Nearly twenty years ago I was introduced to Limewire by a friend. While he was rabidly downloading all the songs of his favorite bands—and thus committing "music piracy"—I had no interest in anything contemporary. I have little interest in music composed after about 1910. I felt lucky to find digitizations with pretty good quality of very early recordings of Western, Country and Western Swing music, and downloaded a pretty good collection of that. Whatever wasn't already in the public domain at the time, probably is by now.
After a safety lecture I attended a police detective was asked how the police decide which laws to enforce. A major point in the following discussion was that a law cannot be enforced unless the rate of voluntary compliance is at least 85%. In the realm of traffic control, we find that stop signs and stop lights are obeyed at levels exceeding 95%, in most places, anyway; but speed laws are so routinely flouted by so many drivers that the "effective speed limit" is between five and twenty miles above the posted speed. I know that on those sections of I-95 north of Baltimore that are posted 55 MPH, to drive slower than 70 is to risk being rear-ended. I have been driving along there at about 70, and been passed by traffic, including state police vehicles, that must have been going over 80!
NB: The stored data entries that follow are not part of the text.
lemma mult_adjoint_add_smult:
  assumes A: "A \<in> carrier_mat d n" and B: "B \<in> carrier_mat d n" and z: "z * cnj z = 1"
  shows "(A + z \<cdot>\<^sub>m B) * adjoint (A + z \<cdot>\<^sub>m B)
    = (A * adjoint A + B * adjoint B) + z \<cdot>\<^sub>m (cnj (z ^ 2) \<cdot>\<^sub>m (A * adjoint B) + B * adjoint A)"
proof (rule eq_matI)
  have U: "A + z \<cdot>\<^sub>m B \<in> carrier_mat d n"
    using A B by simp
  fix i j assume "i < dim_row (A * adjoint A + B * adjoint B + z \<cdot>\<^sub>m (cnj (z ^ 2) \<cdot>\<^sub>m (A * adjoint B) + B * adjoint A))"
    "j < dim_col (A * adjoint A + B * adjoint B + z \<cdot>\<^sub>m (cnj (z ^ 2) \<cdot>\<^sub>m (A * adjoint B) + B * adjoint A))"
  then have ij: "i < d" "j < d"
    using A B by auto
  have "((A + z \<cdot>\<^sub>m B) * adjoint (A + z \<cdot>\<^sub>m B)) $$ (i, j)
      = (\<Sum>l<n. ((A + z \<cdot>\<^sub>m B) $$ (i, l)) * cnj ((A + z \<cdot>\<^sub>m B) $$ (j, l)))"
    by (rule index_mult_adjoint[OF U U ij])
  also have "\<dots> = (\<Sum>l<n. (A $$ (i, l) * cnj (A $$ (j, l)) + B $$ (i, l) * cnj (B $$ (j, l)))
      + z * (cnj (z ^ 2) * (A $$ (i, l) * cnj (B $$ (j, l))) + B $$ (i, l) * cnj (A $$ (j, l))))"
  proof (rule sum.cong[OF refl])
    fix l assume "l \<in> {..<n}"
    then have e: "(A + z \<cdot>\<^sub>m B) $$ (i, l) = A $$ (i, l) + z * B $$ (i, l)"
      "(A + z \<cdot>\<^sub>m B) $$ (j, l) = A $$ (j, l) + z * B $$ (j, l)"
      using A B ij by auto
    show "(A + z \<cdot>\<^sub>m B) $$ (i, l) * cnj ((A + z \<cdot>\<^sub>m B) $$ (j, l))
      = (A $$ (i, l) * cnj (A $$ (j, l)) + B $$ (i, l) * cnj (B $$ (j, l)))
        + z * (cnj (z ^ 2) * (A $$ (i, l) * cnj (B $$ (j, l))) + B $$ (i, l) * cnj (A $$ (j, l)))"
      unfolding e by (rule mult_cnj_add_unit[OF z])
  qed
  also have "\<dots> = (A * adjoint A) $$ (i, j) + (B * adjoint B) $$ (i, j)
      + z * (cnj (z ^ 2) * (A * adjoint B) $$ (i, j) + (B * adjoint A) $$ (i, j))"
    by (simp add: index_mult_adjoint[OF A A ij] index_mult_adjoint[OF B B ij]
      index_mult_adjoint[OF A B ij] index_mult_adjoint[OF B A ij] sum.distrib sum_distrib_left distrib_left
      del: index_mult_mat)
  also have "\<dots> = (A * adjoint A + B * adjoint B + z \<cdot>\<^sub>m (cnj (z ^ 2) \<cdot>\<^sub>m (A * adjoint B) + B * adjoint A)) $$ (i, j)"
    using A B ij by simp
  finally show "((A + z \<cdot>\<^sub>m B) * adjoint (A + z \<cdot>\<^sub>m B)) $$ (i, j) = \<dots>" .
qed (use A B in auto)

lemma unitary_decomp_relations:
  assumes "k \<ge> 2" and A: "A \<in> carrier_mat d d" and B: "B \<in> carrier_mat d d"
    and eA: "entries_in (Zhalf_zeta (2 ^ (k - 1))) A" and eB: "entries_in (Zhalf_zeta (2 ^ (k - 1))) B"
    and unitary: "(A + zeta (2 ^ k) \<cdot>\<^sub>m B) * adjoint (A + zeta (2 ^ k) \<cdot>\<^sub>m B) = 1\<^sub>m d"
  shows "A * adjoint A + B * adjoint B = 1\<^sub>m d"
    and "cnj (zeta (2 ^ (k - 1))) \<cdot>\<^sub>m (A * adjoint B) + B * adjoint A = 0\<^sub>m d d"
proof -
  let ?R = "Zhalf_zeta (2 ^ (k - 1))" and ?w = "cnj (zeta (2 ^ (k - 1)))"
  let ?M = "A * adjoint A + B * adjoint B" and ?N = "?w \<cdot>\<^sub>m (A * adjoint B) + B * adjoint A"
  have "(A + zeta (2 ^ k) \<cdot>\<^sub>m B) * adjoint (A + zeta (2 ^ k) \<cdot>\<^sub>m B) = ?M + zeta (2 ^ k) \<cdot>\<^sub>m ?N"
    using mult_adjoint_add_smult[OF A B zeta_mult_cnj[of "2 ^ k"]] unfolding zeta_two_power_square .
  also have "1\<^sub>m d = 1\<^sub>m d + zeta (2 ^ k) \<cdot>\<^sub>m 0\<^sub>m d d"
    by simp
  ultimately have eq: "?M + zeta (2 ^ k) \<cdot>\<^sub>m ?N = 1\<^sub>m d + zeta (2 ^ k) \<cdot>\<^sub>m 0\<^sub>m d d"
    using unitary by argo
  have products: "A * adjoint A \<in> carrier_mat d d" "B * adjoint B \<in> carrier_mat d d"
    "A * adjoint B \<in> carrier_mat d d" "B * adjoint A \<in> carrier_mat d d"
    using A B adjoint_carrier_mat[OF A] adjoint_carrier_mat[OF B] by (metis mult_carrier_mat)+
  have "?M \<in> carrier_mat d d" "?N \<in> carrier_mat d d"
    using products by (metis add_carrier_mat smult_carrier_mat)+
  moreover have "entries_in ?R ?M"
    by (rule entries_in_add[OF entries_in_mult_adjoint[OF eA eA A A] entries_in_mult_adjoint[OF eB eB B B]
      products(1,2)])
  moreover have "entries_in ?R ?N"
    using products(3,4) by (intro entries_in_add[OF entries_in_smult[OF Zhalf_zeta_cnj[OF Zhalf_zeta.zeta]
      entries_in_mult_adjoint[OF eA eB A B]] entries_in_mult_adjoint[OF eB eA B A]] smult_carrier_mat)
  ultimately have "?M = 1\<^sub>m d \<and> ?N = 0\<^sub>m d d"
    using mat_Zhalf_zeta_independent[OF \<open>k \<ge> 2\<close> _ _ one_carrier_mat zero_carrier_mat _ _
      entries_in_one entries_in_zero eq] by blast
  then show "?M = 1\<^sub>m d" "?N = 0\<^sub>m d d"
    by simp_all
qed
What do you do when the majority of folks flout a law? Eventually it is either changed or becomes ignored. This can take time—the "noble experiment" of alcohol Prohibition lasted 13 years—but the result is inevitable. Society will pass through a painful period during which many "pioneers" wind up with figurative arrows stuck in them. Then a shift occurs, and soon enough the law enforcement establishment finds itself with something more pressing to do. Whether the now outdated laws remain on the books becomes moot (Prohibition was an exception: having been enacted by Constitutional Amendment, it had to be similarly repealed).
Prior to about 1960, duplication of musical media was difficult and expensive, so people bought "records": 78's, 45's and 33's. The invention of the cassette tape recorder initiated a low level of "music piracy", and as the machines got better and cheaper, the practice became more widespread. But then 1982 happened. Music went digital, and the first commercial CD was pressed. That same year a friend of mine bought one of the first (and rather costly!) portable CD players, and let me listen to a classical selection with his ear buds (also a rather new product). It was astounding! Compelling audio, completely free of hiss, pops and other artifacts of even the best 33-1/3 RPM platters.
Once anything is in digital form it can be reproduced exactly. Many tape cassette recorders of 1982 were very good, but a copy of a copy of a copy was clearly inferior, and the music industry had very expensive machinery to play master tapes into platter-making machinery that did not degrade the precious master, even after it was used many times. Think about it; how do you make a million copies of an analog (LP) album?
No need to go further. Using analog media degrades the media. Using digital media may also degrade the media, but before it is too far gone, you can make a perfect copy and just keep going. Once audio and then video went digital, it became apparent that the physical medium, the CD and later the DVD, was just the "camel" to carry the musical "cargo". If your cargo is so light you don't need camels any more, then what?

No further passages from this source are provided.